In the United States, one of the most protuberant and harmful political myths - one shared by subscribers to almost all political persuasions - is the odd, naïve idea that big business and big government are permanent antagonists. As a historical and empirical matter, of course, nothing could be further from the truth, a reality thrown into sharp relief by the political machinations underlying Obamacare. The new law is fundamentally anti-competitive and anti-small business, riddled with onerous regulations and handouts to favoured corporations. As usual, the relationship between big business and big government is not one of rivalry, but of symbiosis, routing genuine free markets in favour of collusion. Quite contrary to the zero-sum game we’re taught to look for in their relationship, Obamacare grows government and corporate power - with ordinary, productive Americans picking up the bill.
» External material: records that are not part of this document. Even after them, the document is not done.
lemma perm_of_list_permutes:
  assumes "x \<in> set S4_list"
  shows "perm_of_list x permutes {1, 2, 3, 4}"
  unfolding permutes_def
proof (intro conjI allI impI)
  fix i :: nat assume "i \<notin> {1, 2, 3, 4}"
  then show "perm_of_list x i = i" by (auto simp: perm_of_list_def)
next
  fix y
  show "\<exists>!i. perm_of_list x i = y"
    using perm_of_list_inv[OF assms] by (metis comp_apply id_apply)
qed

lemma S4_eq: "S4 = perm_of_list ` set S4_list"
proof
  show "perm_of_list ` set S4_list \<subseteq> S4"
    unfolding S4_def using perm_of_list_permutes by blast
  show "S4 \<subseteq> perm_of_list ` set S4_list"
  proof
    fix s assume "s \<in> S4"
    then have s: "s permutes {1, 2, 3, 4}" by (simp add: S4_def)
    let ?xs = "[s 1, s 2, s 3, s 4]"
    have "s = perm_of_list ?xs"
    proof (rule perm_of_list_eqI)
      fix i :: nat assume "i \<in> {1, 2, 3, 4}"
      then show "s i = perm_of_list ?xs i" by (auto simp: perm_of_list_def)
    qed (simp add: permutes_not_in[OF s])
    moreover have "?xs \<in> set S4_list"
      using permutes_in_image[OF s] permutes_inj[OF s] by (simp add: set_S4_list inj_eq)
    ultimately show "s \<in> perm_of_list ` set S4_list" by blast
  qed
qed

lemma perm_of_list_in_S4: "x \<in> set S4_list \<Longrightarrow> perm_of_list x \<in> S4"
  unfolding S4_eq by (rule imageI)

lemma transpose_12: "Transposition.transpose 1 2 = perm_of_list [2,1,3,4]"
  and transpose_34: "Transposition.transpose 3 4 = perm_of_list [1,2,4,3]"
  and transpose_23: "Transposition.transpose 2 3 = perm_of_list [1,3,2,4]"
  and transpose_13_24: "Transposition.transpose 1 3 \<circ> Transposition.transpose 2 4 = perm_of_list [3,4,1,2]"
  by (rule perm_of_list_eqI; auto simp: perm_of_list_def Transposition.transpose_def)+

lemma gen_sub_least: "id \<in> K \<Longrightarrow> S \<subseteq> K \<Longrightarrow> (\<And>a b. a \<in> K \<Longrightarrow> b \<in> K \<Longrightarrow> a \<circ> b \<in> K) \<Longrightarrow> gen_sub S \<subseteq> K"
  unfolding gen_sub_def by (rule Inter_lower) blast

lemma id_in_gen_sub: "id \<in> gen_sub S"
  and gen_sub_superset: "S \<subseteq> gen_sub S"
  and comp_in_gen_sub: "a \<in> gen_sub S \<Longrightarrow> b \<in> gen_sub S \<Longrightarrow> a \<circ> b \<in> gen_sub S"
  unfolding gen_sub_def by blast+

lemma gen_sub_perm_of_list:
  assumes K: "set K \<subseteq> set S4_list" "id_list \<in> set K"
      "\<And>a b. a \<in> set K \<Longrightarrow> b \<in> set K \<Longrightarrow> list_comp a b \<in> set K"
    and G: "set G \<subseteq> set K" "set K \<subseteq> set (words_le3 G)"
  shows "gen_sub (perm_of_list ` set G) = perm_of_list ` set K"
proof
  have "a \<circ> b \<in> perm_of_list ` set K" if ab: "a \<in> perm_of_list ` set K" "b \<in> perm_of_list ` set K" for a b
  proof -
    obtain x y where xy: "x \<in> set K" "y \<in> set K" "a = perm_of_list x" "b = perm_of_list y"
      using ab by blast
    then have "a \<circ> b = perm_of_list (list_comp x y)"
      using K(1) perm_of_list_comp by auto
    then show ?thesis using K(3)[OF xy(1,2)] by simp
  qed
  moreover have "id \<in> perm_of_list ` set K"
    using K(2) perm_of_list_id by (metis imageI)
  ultimately show "gen_sub (perm_of_list ` set G) \<subseteq> perm_of_list ` set K"
    using G(1) by (intro gen_sub_least) auto
next
  let ?g = "\<lambda>x. perm_of_list x \<in> gen_sub (perm_of_list ` set G)"
  have gen: "?g x" if "x \<in> set G" for x
    using that gen_sub_superset by blast
  have comp: "perm_of_list (list_comp a b) = perm_of_list a \<circ> perm_of_list b" if "b \<in> set G" for a b
    using that G(1) K(1) perm_of_list_comp by blast
  have "?g k" if "k \<in> set (words_le3 G)" for k
  proof -
    from that consider "k = id_list" | "k \<in> set G" | a b where "a \<in> set G" "b \<in> set G" "k = list_comp a b"
      | a b c where "a \<in> set G" "b \<in> set G" "c \<in> set G" "k = list_comp (list_comp a b) c"
      unfolding words_le3_def by auto
    then show ?thesis
      by cases (simp_all add: perm_of_list_id id_in_gen_sub gen comp comp_in_gen_sub)
  qed
  then show "perm_of_list ` set K \<subseteq> gen_sub (perm_of_list ` set G)"
    using G(2) by blast
qed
This is a big way of saying very little, surely? Most people will accept that there are limits to how free a health market can be. Costs are complicated, consumers generally know virtually nothing about substitute products and quality is luck of the draw. In these circumstances, it's not surprising that people opt for insurance models. The issue then becomes about the number of insurers and their relation with providers. Is it better to allow tie-ups between insurers and hospital groups, or not? Given that insurers are the only ones who will really have the ability to call out when hospitals over-provide care, preventing tie-ups seems a better way of policing rent seekers. Similarly, the insurance market must be open enough for new entrants and avoiding exclusivity deals etc. is one way of doing this. Given that profit margins have trebled from 5-15% over the last decade or two, it seems that some fresh competition here wouldn't go a miss. As for Medicaid - when the state is being taken for a ride, one answer might be for it to duck out of the market entirely and provide the care itself. Given the massive profits of the health industry in the USA, they may find that even an inefficient public provider can out-compete the market, but given that this isn't going to happen, I'll remain happily in the UK and hope that the England's NHS reforms aren't the utter disaster I expect them to be.